- _What is expected_
Copy the lines below verbatim. Begin with the first and end with the line containing "(add_monoid (M (Suc".

- _Information provided_
──────
lemma face_tpow_sub: "i \<le> Suc n \<Longrightarrow> d n i ` level.T (Suc n) k \<subseteq> level.T n k"
  by (auto simp: level.tpow_sub_eq_image face_smult_tpow face_closed)

lemma degen_tpow_sub: "i \<le> n \<Longrightarrow> s n i ` level.T n k \<subseteq> level.T (Suc n) k"
  by (auto simp: level.tpow_sub_eq_image degen_smult_tpow degen_closed)

lemma face_zero:
  assumes "i \<le> Suc n"
  shows "d n i \<zero>\<^bsub>M (Suc n)\<^esub> = \<zero>\<^bsub>M n\<^esub>"
proof -
  have "group_hom (add_monoid (M (Suc n))) (add_monoid (M n)) (d n i)"
    using abelian_group.a_group[OF level.abelian_group] face_closed[OF assms] face_add[OF assms]
    by (auto simp: group_hom_def group_hom_axioms_def intro: homI)
  then show ?thesis using group_hom.hom_one by fastforce
qed

abbreviation grade_class :: "nat \<Rightarrow> nat \<Rightarrow> 'm \<Rightarrow> 'm set" where
  "grade_class q n a \<equiv> level.T n (Suc q) +>\<^bsub>M n\<^esub> a"

lemma carrier_grade_level:
  "carrier (grade_level R M q n) = grade_class q n ` level.T n q"
  unfolding grade_level_def by (rule carrier_FactGroup_add_restrict)

lemma mult_grade_level: "C \<otimes>\<^bsub>grade_level R M q n\<^esub> D = C <+>\<^bsub>M n\<^esub> D"
  unfolding grade_level_def by (rule mult_FactGroup_add_restrict)

lemma one_grade_level: "\<one>\<^bsub>grade_level R M q n\<^esub> = level.T n (Suc q)"
  unfolding grade_level_def by (rule one_FactGroup_add_restrict)

lemma group_grade_level: "group (grade_level R M q n)"
  unfolding grade_level_def
  by (rule group_FactGroup_add_restrict[OF level.abelian_group level.tpow_sub_subgroup
        level.tpow_sub_subgroup level.tpow_sub_Suc_subset])

lemma grade_face_coset:
  "j \<le> Suc n \<Longrightarrow> a \<in> carrier (M (Suc n)) \<Longrightarrow>
   grade_face R M d q n j (grade_class q (Suc n) a) = grade_class q n (d n j a)"
  unfolding grade_face_def
  by (rule a_rcos_map_some_repr[OF level.tpow_sub_abelian_subgroup level.tpow_sub_abelian_subgroup])
     (simp_all add: face_closed face_add face_tpow_sub)

lemma grade_degen_coset:
  "j \<le> n \<Longrightarrow> a \<in> carrier (M n) \<Longrightarrow>
   grade_degen R M s q n j (grade_class q n a) = grade_class q (Suc n) (s n j a)"
  unfolding grade_degen_def
  by (rule a_rcos_map_some_repr[OF level.tpow_sub_abelian_subgroup level.tpow_sub_abelian_subgroup])
     (simp_all add: degen_closed degen_add degen_tpow_sub)

lemma grade_mult_coset:
  "a \<in> carrier (M n) \<Longrightarrow>
   grade_mult R M p i n (grade_class p n a) = grade_class (p + i) n (smult (M n) (level.tpow n i) a)"
  unfolding grade_mult_def
  by (rule a_rcos_map_some_repr[OF level.tpow_sub_abelian_subgroup level.tpow_sub_abelian_subgroup])
     (use level.smult_tpow_image_tpow_sub[of n i "Suc p"] in
       \<open>simp_all add: level.smult_closed level.smult_add level.tpow_closed\<close>)

lemma grade_mult_hom: "grade_mult R M p i n \<in> hom (grade_level R M p n) (grade_level R M (p + i) n)"
proof (rule homI)
  fix C assume "C \<in> carrier (grade_level R M p n)"
  then obtain a where "a \<in> level.T n p" "C = grade_class p n a"
    by (auto simp: carrier_grade_level)
  then show "grade_mult R M p i n C \<in> carrier (grade_level R M (p + i) n)"
    using level.smult_tpow_image_tpow_sub[of n i p] level.tpow_sub_closed
    by (auto simp: carrier_grade_level grade_mult_coset)
next
  fix C D assume "C \<in> carrier (grade_level R M p n)" "D \<in> carrier (grade_level R M p n)"
  then obtain a b where a: "a \<in> level.T n p" "C = grade_class p n a"
    and b: "b \<in> level.T n p" "D = grade_class p n b"
    by (auto simp: carrier_grade_level)
  then have ab: "a \<in> carrier (M n)" "b \<in> carrier (M n)"
    using level.tpow_sub_closed by auto
  note sum = abelian_subgroup.a_rcos_sum[OF level.tpow_sub_abelian_subgroup]
  show "grade_mult R M p i n (C \<otimes>\<^bsub>grade_level R M p n\<^esub> D) =
    grade_mult R M p i n C \<otimes>\<^bsub>grade_level R M (p + i) n\<^esub> grade_mult R M p i n D"
    using ab abelian_monoid.a_closed[OF abelian_group.axioms(1)[OF level.abelian_group]]
    by (simp add: a b mult_grade_level sum grade_mult_coset level.smult_closed level.smult_add
        level.tpow_closed)
qed

lemma grade_mult_bij:
  "bij_betw (grade_mult R M p i n) (carrier (grade_level R M p n)) (carrier (grade_level R M (p + i) n))"
proof (rule bij_betw_imageI)
  let ?t = "smult (M n) (level.tpow n i)"
  have image_eq: "grade_mult R M p i n ` grade_class p n ` level.T n p = grade_class (p + i) n ` ?t ` level.T n p"
    unfolding image_image using level.tpow_sub_closed by (auto simp: grade_mult_coset)
  then show "grade_mult R M p i n ` carrier (grade_level R M p n) = carrier (grade_level R M (p + i) n)"
    by (simp add: carrier_grade_level level.smult_tpow_image_tpow_sub)
  show "inj_on (grade_mult R M p i n) (carrier (grade_level R M p n))"
  proof (rule inj_onI)
    fix C D assume "C \<in> carrier (grade_level R M p n)" "D \<in> carrier (grade_level R M p n)"
      and eq: "grade_mult R M p i n C = grade_mult R M p i n D"
    then obtain a b where a: "a \<in> level.T n p" "C = grade_class p n a"
      and b: "b \<in> level.T n p" "D = grade_class p n b"
      by (auto simp: carrier_grade_level)
    have ab: "a \<in> carrier (M n)" "b \<in> carrier (M n)" using a b level.tpow_sub_closed by auto
    have "grade_class (p + i) n (?t a) = grade_class (p + i) n (?t b)"
      using eq by (simp add: a b ab grade_mult_coset)
    then obtain h where h: "h \<in> level.T n (Suc (p + i))" "?t a = h \<oplus>\<^bsub>M n\<^esub> ?t b"
      using abelian_subgroup.a_rcos_eq_imp_repr[OF level.tpow_sub_abelian_subgroup]
        level.smult_closed[OF level.tpow_closed ab(1)] by blast
    moreover have "level.T n (Suc (p + i)) = ?t ` level.T n (Suc p)"
      using level.smult_tpow_image_tpow_sub[of n i "Suc p"] by simp
    ultimately obtain y where y: "y \<in> level.T n (Suc p)" "h = ?t y"
      by blast
    have y_closed: "y \<in> carrier (M n)" using y(1) level.tpow_sub_closed by blast
    have "?t a = ?t (y \<oplus>\<^bsub>M n\<^esub> b)"
      using h y y_closed ab by (simp add: level.smult_add level.tpow_closed)
    moreover have "y \<oplus>\<^bsub>M n\<^esub> b \<in> carrier (M n)"
      using abelian_monoid.a_closed[OF abelian_group.axioms(1)[OF level.abelian_group] y_closed ab(2)] .
    ultimately have "a = y \<oplus>\<^bsub>M n\<^esub> b"
      using inj_onD[OF level.smult_tpow_inj_on[OF fg_projective]] ab(1) by blast
    then show "C = D"
      using abelian_subgroup.a_rcos_add_member[OF level.tpow_sub_abelian_subgroup ab(2) y(1)] a b
      by simp
  qed
qed

lemma mult_equiv_pos: "mult_equiv_pos R M d s p i"
  unfolding mult_equiv_pos_def
proof (rule weak_equivalence_if_levelwise_bij[OF group_grade_level group_grade_level
      grade_mult_hom grade_mult_bij])
  fix n j C
  assume j: "j \<le> Suc n" and "C \<in> carrier (grade_level R M p (Suc n))"
  then obtain a where a: "a \<in> level.T (Suc n) p" "C = grade_class p (Suc n) a"
    by (auto simp: carrier_grade_level)
  have a_closed: "a \<in> carrier (M (Suc n))" using a(1) level.tpow_sub_closed by blast
  show "grade_face R M d p n j C \<in> carrier (grade_level R M p n)"
    using face_tpow_sub[OF j] a by (auto simp: carrier_grade_level grade_face_coset[OF j a_closed])
  show "grade_mult R M p i n (grade_face R M d p n j C) =
    grade_face R M d (p + i) n j (grade_mult R M p i (Suc n) C)"
    using a by (simp add: grade_face_coset[OF j] grade_mult_coset face_closed[OF j] level.smult_closed
        level.tpow_closed a_closed face_smult_tpow[OF j])
next
  fix n j
  assume j: "j \<le> Suc n"
  show "grade_face R M d (p + i) n j \<one>\<^bsub>grade_level R M (p + i) (Suc n)\<^esub> = \<one>\<^bsub>grade_level R M (p + i) n\<^esub>"
    using grade_face_coset[OF j level.zero_closed] face_zero[OF j]
    by (simp add: one_grade_level level.zero_coset)
next
  fix n j C
  assume j: "j \<le> n" and "C \<in> carrier (grade_level R M p n)"
  then obtain a where a: "a \<in> level.T n p" "C = grade_class p n a"
    by (auto simp: carrier_grade_level)
  have a_closed: "a \<in> carrier (M n)" using a(1) level.tpow_sub_closed by blast
  show "grade_mult R M p i (Suc n) (grade_degen R M s p n j C) =
    grade_degen R M s (p + i) n j (grade_mult R M p i n C)"
    using a by (simp add: grade_degen_coset[OF j] grade_mult_coset degen_closed[OF j] level.smult_closed
        level.tpow_closed a_closed degen_smult_tpow[OF j])
qed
──────
- _Response_
lemma face_tpow_sub: "i \<le> Suc n \<Longrightarrow> d n i ` level.T (Suc n) k \<subseteq> level.T n k"
  by (auto simp: level.tpow_sub_eq_image face_smult_tpow face_closed)

lemma degen_tpow_sub: "i \<le> n \<Longrightarrow> s n i ` level.T n k \<subseteq> level.T (Suc n) k"
  by (auto simp: level.tpow_sub_eq_image degen_smult_tpow degen_closed)

lemma face_zero:
  assumes "i \<le> Suc n"
  shows "d n i \<zero>\<^bsub>M (Suc n)\<^esub> = \<zero>\<^bsub>M n\<^esub>"
proof -
  have "group_hom (add_monoid (M (Suc n))) (add_monoid (M n)) (d n i)"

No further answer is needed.